Mouhanna Abu Ghanimeh, MD, Lydia Baltarowich, MD, Joseph Miller, MD, Adarsh Varma, MD, Kimberly Brown, MD
Henry Ford Health System, Detroit, MI
Introduction: Acetaminophen (N-acetyl-p-aminophenol; APAP) toxicity is a major cause of acute liver injury in USA. Several risk factors could increase the risk and severity of APAP-induced acute liver injury/failure (APAP-ALI/ALF), including malnutrition, chronic hepatitis C, alcoholism, hepatic cytochrome P450-inducing medications, and pre-existing liver disease. Whether metabolic syndrome affects the risk or the severity of APAP-ALI/ALF has not been definitively confirmed. Clinical and animal studies show conflicting results. We aim to assess the effect of pre-existing metabolic syndrome on the natural history of APAP-ALI/ALF, including morbidity and mortality
Methods: This was a retrospective study performed at a tertiary care liver transplant center. A collective database of all patients with APAP-ALI/ALF from 2001-2012 was reviewed. Primary outcomes were 28-day mortality and the need for liver transplantation. Secondary outcomes were the degree of liver injury and elevation of biochemical markers
Results: A total of 327 patients were evaluated with APAP-ALI/ALF. A subset of
219 patients who had a recorded BMI in the medical record were included for analysis. There were 151 females and 68 males, with a mean age of 39.1 years old. Benzodiazepine or opioid co-ingestion occurred in 116 patients. A total of 60 patients were obese (BMI > 30 Kg/m2) with a mean BMI of 38.3 Kg/m2, and 21 were morbidly obese (BMI > 40 Kg/m2). 58 patients died (24 obese and 34 non-obese). Liver transplantation was performed in 4 out of the 7 patients who were listed. There was a statistically significant association between obesity and the 28-day mortality, OR 2.451 (95% CI 1.291-4.651) and p 0.005. No significant association was found between obesity and either listing for liver transplantation or liver transplantation (p 0.351 and 0.916 respectively). Maximum total bilirubin and INR were slightly higher in obese patients; however, this was not statistically significant (p 0.08 and 0.823, respectively). Pearson correlation showed a weak association between rising BMI and a higher maximum total bilirubin and INR, but this was not statistically significant (r 0.08, p 0.201 for total bilirubin and r 0.07, p 0.307 for INR)
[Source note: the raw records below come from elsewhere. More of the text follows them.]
(* The (multi-valued) Kasner map realizes chaos for all $v\in (0,1/2)$.
   Context: Fix a parameter $v\in(0,1/2)$. Let $\mathrm{K}^{\circ}$ denote the Kasner circle $\{(\Sigma_+,\Sigma_-)\,:\,\Sigma_+^2+\Sigma_-^2=1\}$, parametrized by the angle $\varphi$ via $(\Sigma_+,\Sigma_-)=(\cos\varphi,\sin\varphi)$. Let $A_1:=\{\Sigma_+\ge v\}\cap \mathrm{K}^{\circ}$, i.e. $\varphi\in[-\arccos v,\arccos v]$, and let $A_2,A_3$ be its images under rotation by $\pm 2\pi/3$ (namely $A_2=\{-(\Sigma_++\sqrt3\Sigma_-)/2\ge v\}$, $A_3=\{-(\Sigma_+-\sqrt3\Sigma_-)/2\ge v\}$). On $A_1$ define $\mathcal{K}_1(\varphi):=\pi-2\arctan\big(\tfrac{1+v}{1-v}\tan(\varphi/2)\big)$ (the map sending the $\alpha$-limit to the $\omega$-limit of Bianchi type II heteroclinic orbits with $N_1\neq0$), and let $\mathcal{K}_2,\mathcal{K}_3$ on $A_2,A_3$ be the maps obtained from $\mathcal{K}_1$ by the same rotations. Set $\mathbf{A}:=(A_1\cap A_2)\cup(A_2\cap A_3)\cup(A_1\cap A_3)$; for $v<1/2$ these overlaps have positive length. For $\mu\in\{1,2\},\nu\in\{2,3\},\zeta\in\{1,3\}$ define $\mathcal{K}_{\mu\nu\zeta}:\mathrm{K}^{\circ}\to\mathrm{K}^{\circ}$ by $\mathcal{K}_{\mu\nu\zeta}(p)=\mathcal{K}_\alpha(p)$ if $p\in A_\alpha\setminus\mathbf{A}$, $=\mathcal{K}_\mu(p)$ if $p\in A_1\cap A_2$, $=\mathcal{K}_\nu(p)$ if $p\in A_2\cap A_3$, $=\mathcal{K}_\zeta(p)$ if $p\in A_1\cap A_3$. Let $\Sigma$ be the space of sequences $\omega=(\mu_n,\nu_n,\zeta_n)_{n\ge1}$ with $\mu_n\in\{1,2\},\nu_n\in\{2,3\},\zeta_n\in\{1,3\}$, and for $\omega=(\omega_n)$ set $\mathcal{K}^n_\omega:=\mathcal{K}_{\omega_n}\circ\cdots\circ\mathcal{K}_{\omega_1}$, $\mathcal{K}^0_\omega=\mathrm{Id}$. The (multi-valued) Kasner map is the skew product $(\omega,p)\mapsto(\sigma(\omega),\mathcal{K}_{\omega_1}(p))$ with $\sigma$ the shift. It realizes chaos if: (i) (sensitivity) there is $\delta>0$ such that for every $p\in\mathrm{K}^{\circ}$ and every neighborhood $U$ of $p$ there are $q\in U\setminus\{p\}$, $n\in\mathbb{N}_0$, $\omega,\omega^*\in\Sigma$ with $d(\mathcal{K}^n_\omega(p),\mathcal{K}^n_{\omega^*}(q))\ge\delta$; (ii) (topological transitivity) for any open $U,V\subset\mathrm{K}^{\circ}$ there are $n\in\mathbb{N}$, $\omega\in\Sigma$ with $\mathcal{K}^n_\omega(U)\cap V\neq\emptyset$; (iii) (dense periodic orbits) for every $p\in\mathrm{K}^{\circ}$ and every neighborhood $U$ of $p$ there are $\omega\in\Sigma$, $q\in U$, $n\in\mathbb{N}$ with $\mathcal{K}^n_\omega(q)=q$. *)

theory Defs
  imports "HOL-Analysis.Analysis"
begin
lemma point_matrix_act_H3:
  assumes "det g = 1" and "p \<in> H3"
  shows "point_matrix (act_H3 g p) = g ** point_matrix p ** ctranspose g"
proof -
  obtain z t where p: "p = (z, t)" and "0 < t" using assms(2) by (auto simp: H3_def)
  define al be ga de where "al = g$1$1" and "be = g$1$2" and "ga = g$2$1" and "de = g$2$2"
  have g: "g = mat2 al be ga de" by (simp add: al_def be_def ga_def de_def flip: mat2_eta)
  have det: "al * de - be * ga = 1" using assms(1) by (simp add: g det_mat2)
  have det_cnj: "cnj al * cnj de - cnj be * cnj ga = 1"
    using arg_cong[OF det, of cnj] by simp
  define N where "N = (cmod (ga * z + de))\<^sup>2 + (cmod ga)\<^sup>2 * t\<^sup>2"
  define w where "w = (al * z + be) * cnj (ga * z + de) + al * cnj ga * of_real t * of_real t"
  have act: "act_H3 g p = (w / of_real N, t / N)"
    by (simp add: p act_H3_def Let_def N_def w_def al_def be_def ga_def de_def power2_eq_square)
  have "0 < N" using act_H3_denominator_pos[OF assms(1) \<open>0 < t\<close>] by (simp add: N_def ga_def de_def)
  define T where "T = complex_of_real t"
  have N: "of_real N = (ga * z + de) * cnj (ga * z + de) + ga * cnj ga * T * T"
    by (simp add: N_def T_def complex_norm_square del: of_real_power) (simp add: power2_eq_square)
  have "T \<noteq> 0" "cnj T = T" using \<open>0 < t\<close> by (simp_all add: T_def)
  have lhs: "point_matrix (act_H3 g p) =
      mat2 ((w * cnj w + T * T) / (of_real N * T)) (w / T) (cnj w / T) (of_real N / T)"
    using \<open>0 < N\<close> \<open>T \<noteq> 0\<close>
    by (simp add: act point_matrix_def mat2_eq_iff flip: T_def) (simp add: field_simps)
  define S where "S = z * cnj z + T * T"
  have rhs: "g ** point_matrix p ** ctranspose g = mat2
      (((al * S + be * cnj z) * cnj al + (al * z + be) * cnj be) / T)
      (((al * S + be * cnj z) * cnj ga + (al * z + be) * cnj de) / T)
      (((ga * S + de * cnj z) * cnj al + (ga * z + de) * cnj be) / T)
      (((ga * S + de * cnj z) * cnj ga + (ga * z + de) * cnj de) / T)"
    using \<open>T \<noteq> 0\<close>
    by (simp add: g p point_matrix_def mat2_mult mat2_eq_iff S_def flip: T_def)
      (simp add: field_simps)
  \<comment> \<open>the only entry that needs \<open>det g = 1\<close>\<close>
  have e11:
    "w * cnj w + T * T = of_real N * ((al * S + be * cnj z) * cnj al + (al * z + be) * cnj be)"
    unfolding w_def N S_def by (simp add: algebra_simps \<open>cnj T = T\<close> flip: T_def)
      (use det det_cnj in algebra)
  have e12: "w = (al * S + be * cnj z) * cnj ga + (al * z + be) * cnj de"
    by (simp add: w_def S_def T_def algebra_simps)
  have e21: "cnj w = (ga * S + de * cnj z) * cnj al + (ga * z + de) * cnj be"
    by (simp add: w_def S_def T_def algebra_simps)
  have e22: "of_real N = (ga * S + de * cnj z) * cnj ga + (ga * z + de) * cnj de"
    by (simp add: N S_def algebra_simps)
  have "of_real N \<noteq> (0 :: complex)" using \<open>0 < N\<close> by simp
  then show ?thesis
    unfolding lhs rhs e11 mat2_eq_iff by (simp add: e12[symmetric] e21[symmetric] e22[symmetric])
qed

lemma act_H3_one: "act_H3 (mat 1) p = p"
  by (cases p) (simp add: act_H3_def mat_def)

lemma act_H3_mult:
  assumes "det g = 1" and "det h = 1" and "p \<in> H3"
  shows "act_H3 (g ** h) p = act_H3 g (act_H3 h p)"
proof (rule inj_onD[OF inj_on_point_matrix])
  have "det (g ** h) = 1" using assms by (simp add: det_mul)
  then show "point_matrix (act_H3 (g ** h) p) = point_matrix (act_H3 g (act_H3 h p))"
    using assms act_H3_in_H3
    by (simp add: point_matrix_act_H3 ctranspose_mult matrix_mul_assoc)
  show "act_H3 (g ** h) p \<in> H3" "act_H3 g (act_H3 h p) \<in> H3"
    using assms \<open>det (g ** h) = 1\<close> by (simp_all add: act_H3_in_H3)
qed

lemma bij_betw_act_H3:
  assumes "det g = 1"
  shows "bij_betw (act_H3 g) H3 H3"
proof -
  define h where "h = mat2 (g$2$2) (- g$1$2) (- g$2$1) (g$1$1)"
  have det: "g$1$1 * g$2$2 - g$1$2 * g$2$1 = 1" using assms by (simp add: det_2)
  then have "det h = 1" by (simp add: h_def det_mat2 algebra_simps)
  have "g ** h = mat 1" "h ** g = mat 1"
    using det
    by (subst mat2_eta[of g], simp add: h_def mat2_mult mat_1_eq_mat2 mat2_eq_iff algebra_simps)+
  then have "act_H3 h (act_H3 g p) = p" "act_H3 g (act_H3 h p) = p" if "p \<in> H3" for p
    using that assms \<open>det h = 1\<close> by (simp_all flip: act_H3_mult add: act_H3_one)
  then show ?thesis
    using assms \<open>det h = 1\<close> act_H3_in_H3 by (intro bij_betw_byWitness[where f' = "act_H3 h"]) auto
qed

lemma mem_hplane_iff_trace: "p \<in> hplane M \<longleftrightarrow> p \<in> H3 \<and> trace (M ** point_matrix p) = 0"
proof -
  obtain z t where p: "p = (z, t)" by fastforce
  have "trace (M ** point_matrix (z, t)) = (M$1$1 * of_real ((cmod z)\<^sup>2 + t\<^sup>2) + cnj z * M$1$2
      + M$2$1 * z + M$2$2) / of_real t" if "0 < t"
    using that by (subst mat2_eta[of M])
      (simp add: point_matrix_def mat2_mult trace_mat2 field_simps power2_eq_square
        complex_norm_square[unfolded of_real_power power2_eq_square, symmetric])
  then show ?thesis by (auto simp: p hplane_def H3_def)
qed

lemma hplane_subset_H3: "hplane M \<subseteq> H3"
  by (auto simp: hplane_def H3_def)

lemma act_H3_mem_hplane_iff:
  assumes "det g = 1" and "p \<in> H3"
  shows "act_H3 g p \<in> hplane A \<longleftrightarrow> p \<in> hplane (ctranspose g ** A ** g)"
proof -
  have "trace (A ** point_matrix (act_H3 g p)) =
      trace (ctranspose g ** (A ** (g ** point_matrix p)))"
    using assms
    by (simp add: point_matrix_act_H3 matrix_mul_assoc trace_mul_sym[of _ "ctranspose g"])
  then show ?thesis
    using assms act_H3_in_H3 by (simp add: mem_hplane_iff_trace matrix_mul_assoc)
qed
Discussion: Our study demonstrates that obesity is associated with a higher mortality in patients with APAP-ALI/ALF. Preexisting hepatocyte lipid accumulation, CYP2E1 induction, reduced hepatic glutathione stores as well as mitochondrial dysfunction have been proposed as risk factors that may be contributing
Citation: Mouhanna Abu Ghanimeh, MD, Lydia Baltarowich, MD, Joseph Miller, MD, Adarsh Varma, MD, Kimberly Brown, MD. P2477 - THE EFFECT OF METABOLIC SYNDROME ON ACETAMINOPHEN-INDUCED ACUTE LIVER INJURY/FAILURE - MORBIDITY AND MORTALITY: A SINGLE LIVER TRANSPLANT CENTER EXPERIENCE. Program No. P2477. ACG 2019 Annual Scientific Meeting Abstracts. San Antonio, Texas: American College of Gastroenterology.